Records for the task >>

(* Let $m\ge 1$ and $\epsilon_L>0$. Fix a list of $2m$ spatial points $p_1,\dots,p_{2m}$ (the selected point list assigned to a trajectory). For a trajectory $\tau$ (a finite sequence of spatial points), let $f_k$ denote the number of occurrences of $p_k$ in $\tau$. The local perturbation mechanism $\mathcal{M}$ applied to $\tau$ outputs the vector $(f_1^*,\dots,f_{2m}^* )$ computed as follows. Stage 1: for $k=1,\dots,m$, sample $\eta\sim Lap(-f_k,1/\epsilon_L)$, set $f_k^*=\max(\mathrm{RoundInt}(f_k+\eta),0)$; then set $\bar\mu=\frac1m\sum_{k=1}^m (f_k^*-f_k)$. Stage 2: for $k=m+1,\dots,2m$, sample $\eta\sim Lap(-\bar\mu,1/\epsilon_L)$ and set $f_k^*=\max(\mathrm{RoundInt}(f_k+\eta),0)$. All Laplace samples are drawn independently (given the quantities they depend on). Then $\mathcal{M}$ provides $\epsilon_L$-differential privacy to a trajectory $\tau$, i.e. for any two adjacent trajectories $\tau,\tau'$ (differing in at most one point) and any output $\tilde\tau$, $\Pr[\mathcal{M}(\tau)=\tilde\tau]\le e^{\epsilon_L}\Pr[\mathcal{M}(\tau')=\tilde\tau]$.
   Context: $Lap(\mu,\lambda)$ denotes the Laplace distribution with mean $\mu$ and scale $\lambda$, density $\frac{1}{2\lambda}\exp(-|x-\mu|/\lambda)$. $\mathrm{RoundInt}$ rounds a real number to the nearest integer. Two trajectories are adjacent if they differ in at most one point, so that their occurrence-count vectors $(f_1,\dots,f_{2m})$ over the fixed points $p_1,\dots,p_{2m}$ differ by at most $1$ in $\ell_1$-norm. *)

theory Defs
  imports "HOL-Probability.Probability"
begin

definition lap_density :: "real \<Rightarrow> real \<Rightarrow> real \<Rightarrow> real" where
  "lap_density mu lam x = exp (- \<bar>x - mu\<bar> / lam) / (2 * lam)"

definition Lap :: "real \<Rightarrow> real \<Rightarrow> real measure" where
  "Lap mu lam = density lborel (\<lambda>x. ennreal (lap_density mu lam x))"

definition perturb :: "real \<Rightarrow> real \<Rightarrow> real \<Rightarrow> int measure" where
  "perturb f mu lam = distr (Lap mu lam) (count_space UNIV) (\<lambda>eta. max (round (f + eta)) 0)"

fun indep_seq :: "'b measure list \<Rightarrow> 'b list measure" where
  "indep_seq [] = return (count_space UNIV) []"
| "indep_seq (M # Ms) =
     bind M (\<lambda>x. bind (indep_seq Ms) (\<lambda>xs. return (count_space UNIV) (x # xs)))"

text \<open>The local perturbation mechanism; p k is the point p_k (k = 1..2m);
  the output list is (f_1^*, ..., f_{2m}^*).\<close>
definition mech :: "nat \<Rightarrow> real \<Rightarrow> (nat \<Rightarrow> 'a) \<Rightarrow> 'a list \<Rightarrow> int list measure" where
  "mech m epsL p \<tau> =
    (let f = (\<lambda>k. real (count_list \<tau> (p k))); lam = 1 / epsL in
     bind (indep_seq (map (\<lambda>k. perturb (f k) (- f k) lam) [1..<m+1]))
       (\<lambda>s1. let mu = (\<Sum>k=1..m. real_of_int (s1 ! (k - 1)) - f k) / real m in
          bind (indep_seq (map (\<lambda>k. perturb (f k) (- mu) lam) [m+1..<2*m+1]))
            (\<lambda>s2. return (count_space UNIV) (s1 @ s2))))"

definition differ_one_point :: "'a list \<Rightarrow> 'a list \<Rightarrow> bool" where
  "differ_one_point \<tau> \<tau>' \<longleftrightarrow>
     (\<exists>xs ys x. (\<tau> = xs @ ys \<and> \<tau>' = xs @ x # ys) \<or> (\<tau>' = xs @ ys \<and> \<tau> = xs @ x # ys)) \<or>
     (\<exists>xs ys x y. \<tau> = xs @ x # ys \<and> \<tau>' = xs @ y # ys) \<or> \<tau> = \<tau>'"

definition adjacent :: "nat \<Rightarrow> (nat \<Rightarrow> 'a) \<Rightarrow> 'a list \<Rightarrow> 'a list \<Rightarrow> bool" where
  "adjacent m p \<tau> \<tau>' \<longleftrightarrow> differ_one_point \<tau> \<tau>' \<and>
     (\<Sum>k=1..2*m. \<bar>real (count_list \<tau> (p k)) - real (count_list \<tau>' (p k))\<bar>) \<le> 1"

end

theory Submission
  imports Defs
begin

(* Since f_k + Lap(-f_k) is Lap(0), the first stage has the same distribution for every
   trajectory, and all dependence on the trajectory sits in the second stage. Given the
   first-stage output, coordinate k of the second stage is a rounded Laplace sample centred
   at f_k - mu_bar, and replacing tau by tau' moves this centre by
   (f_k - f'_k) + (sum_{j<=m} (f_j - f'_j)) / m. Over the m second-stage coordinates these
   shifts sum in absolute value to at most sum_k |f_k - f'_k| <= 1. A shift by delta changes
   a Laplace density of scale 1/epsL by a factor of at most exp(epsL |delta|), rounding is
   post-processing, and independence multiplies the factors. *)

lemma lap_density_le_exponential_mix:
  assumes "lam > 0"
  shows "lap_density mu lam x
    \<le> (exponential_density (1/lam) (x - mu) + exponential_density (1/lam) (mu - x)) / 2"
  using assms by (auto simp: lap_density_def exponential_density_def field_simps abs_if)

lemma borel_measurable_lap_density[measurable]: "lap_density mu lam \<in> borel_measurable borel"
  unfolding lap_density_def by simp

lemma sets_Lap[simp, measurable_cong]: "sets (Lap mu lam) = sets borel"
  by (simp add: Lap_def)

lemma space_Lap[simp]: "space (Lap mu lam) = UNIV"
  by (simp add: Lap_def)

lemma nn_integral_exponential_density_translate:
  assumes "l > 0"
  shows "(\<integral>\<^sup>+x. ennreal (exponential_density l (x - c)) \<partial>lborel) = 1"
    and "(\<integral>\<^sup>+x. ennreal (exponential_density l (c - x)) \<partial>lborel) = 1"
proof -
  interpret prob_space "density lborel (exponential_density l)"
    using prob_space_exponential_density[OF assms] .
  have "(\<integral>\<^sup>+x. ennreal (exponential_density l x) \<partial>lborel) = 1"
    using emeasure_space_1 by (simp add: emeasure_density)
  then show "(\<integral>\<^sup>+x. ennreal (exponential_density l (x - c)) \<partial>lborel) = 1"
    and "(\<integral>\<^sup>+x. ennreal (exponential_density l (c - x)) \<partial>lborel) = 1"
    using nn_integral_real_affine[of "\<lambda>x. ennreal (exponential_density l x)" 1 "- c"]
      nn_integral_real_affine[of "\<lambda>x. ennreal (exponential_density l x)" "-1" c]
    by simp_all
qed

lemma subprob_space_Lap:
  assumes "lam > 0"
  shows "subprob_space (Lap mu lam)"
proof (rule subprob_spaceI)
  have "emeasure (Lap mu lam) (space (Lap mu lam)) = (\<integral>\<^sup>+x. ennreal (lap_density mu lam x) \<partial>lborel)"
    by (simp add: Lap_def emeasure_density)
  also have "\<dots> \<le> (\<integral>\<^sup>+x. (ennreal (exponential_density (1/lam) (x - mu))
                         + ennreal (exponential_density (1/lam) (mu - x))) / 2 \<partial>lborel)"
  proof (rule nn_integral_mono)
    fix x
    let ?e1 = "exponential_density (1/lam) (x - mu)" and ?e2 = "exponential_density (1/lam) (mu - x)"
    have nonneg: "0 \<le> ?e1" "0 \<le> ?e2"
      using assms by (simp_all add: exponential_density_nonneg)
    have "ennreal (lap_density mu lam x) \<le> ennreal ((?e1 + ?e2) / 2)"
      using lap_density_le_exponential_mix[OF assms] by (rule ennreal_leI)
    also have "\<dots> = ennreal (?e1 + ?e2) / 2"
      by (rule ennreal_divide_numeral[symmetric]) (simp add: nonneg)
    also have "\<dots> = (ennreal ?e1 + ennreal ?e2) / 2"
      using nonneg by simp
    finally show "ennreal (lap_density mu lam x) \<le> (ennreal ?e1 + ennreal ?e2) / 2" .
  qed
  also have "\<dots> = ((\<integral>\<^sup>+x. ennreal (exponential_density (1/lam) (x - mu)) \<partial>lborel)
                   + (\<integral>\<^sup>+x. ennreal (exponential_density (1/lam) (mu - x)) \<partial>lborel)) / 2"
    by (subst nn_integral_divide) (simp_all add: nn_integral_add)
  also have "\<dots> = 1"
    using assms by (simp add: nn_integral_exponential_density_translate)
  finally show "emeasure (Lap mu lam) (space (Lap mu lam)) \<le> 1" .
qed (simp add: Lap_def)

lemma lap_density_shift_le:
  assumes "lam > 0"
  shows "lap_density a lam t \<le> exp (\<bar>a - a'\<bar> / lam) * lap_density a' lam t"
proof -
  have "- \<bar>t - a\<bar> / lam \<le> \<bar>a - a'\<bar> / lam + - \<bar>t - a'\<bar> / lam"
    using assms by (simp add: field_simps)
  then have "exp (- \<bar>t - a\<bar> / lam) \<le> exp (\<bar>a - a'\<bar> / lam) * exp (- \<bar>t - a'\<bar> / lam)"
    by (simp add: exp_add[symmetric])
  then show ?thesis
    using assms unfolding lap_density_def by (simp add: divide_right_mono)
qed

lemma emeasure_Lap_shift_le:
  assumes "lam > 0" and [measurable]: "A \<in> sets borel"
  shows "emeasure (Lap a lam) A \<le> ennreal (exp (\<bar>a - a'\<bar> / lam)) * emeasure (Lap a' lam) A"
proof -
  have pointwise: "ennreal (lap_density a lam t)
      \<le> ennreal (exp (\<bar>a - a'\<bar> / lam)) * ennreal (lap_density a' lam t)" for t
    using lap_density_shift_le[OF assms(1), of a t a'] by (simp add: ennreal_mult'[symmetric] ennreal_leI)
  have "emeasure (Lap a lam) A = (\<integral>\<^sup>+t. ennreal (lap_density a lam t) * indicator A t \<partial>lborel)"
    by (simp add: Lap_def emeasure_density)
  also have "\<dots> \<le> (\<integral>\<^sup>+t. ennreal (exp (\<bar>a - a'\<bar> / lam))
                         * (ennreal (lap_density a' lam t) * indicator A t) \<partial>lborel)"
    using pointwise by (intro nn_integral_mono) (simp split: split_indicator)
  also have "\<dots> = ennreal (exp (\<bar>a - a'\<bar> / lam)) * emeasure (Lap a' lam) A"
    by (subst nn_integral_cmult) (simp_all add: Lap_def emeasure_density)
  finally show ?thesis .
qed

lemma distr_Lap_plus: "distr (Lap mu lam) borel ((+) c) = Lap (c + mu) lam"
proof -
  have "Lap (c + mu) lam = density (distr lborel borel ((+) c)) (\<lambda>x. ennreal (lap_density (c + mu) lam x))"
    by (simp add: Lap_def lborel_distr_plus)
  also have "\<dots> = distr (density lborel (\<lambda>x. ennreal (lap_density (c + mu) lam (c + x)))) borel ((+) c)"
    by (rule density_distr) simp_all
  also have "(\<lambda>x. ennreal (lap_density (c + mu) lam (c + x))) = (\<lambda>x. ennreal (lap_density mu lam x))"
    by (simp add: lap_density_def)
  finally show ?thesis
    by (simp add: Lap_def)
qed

Work required >>
Looking at the data above, return every line from the one with "using pointwise by" down to the one with "by (simp add: Lap_def lborel_distr_plus)", exactly and inclusively.

Solution for this problem >>
    using pointwise by (intro nn_integral_mono) (simp split: split_indicator)
  also have "\<dots> = ennreal (exp (\<bar>a - a'\<bar> / lam)) * emeasure (Lap a' lam) A"
    by (subst nn_integral_cmult) (simp_all add: Lap_def emeasure_density)
  finally show ?thesis .
qed

lemma distr_Lap_plus: "distr (Lap mu lam) borel ((+) c) = Lap (c + mu) lam"
proof -
  have "Lap (c + mu) lam = density (distr lborel borel ((+) c)) (\<lambda>x. ennreal (lap_density (c + mu) lam x))"
    by (simp add: Lap_def lborel_distr_plus)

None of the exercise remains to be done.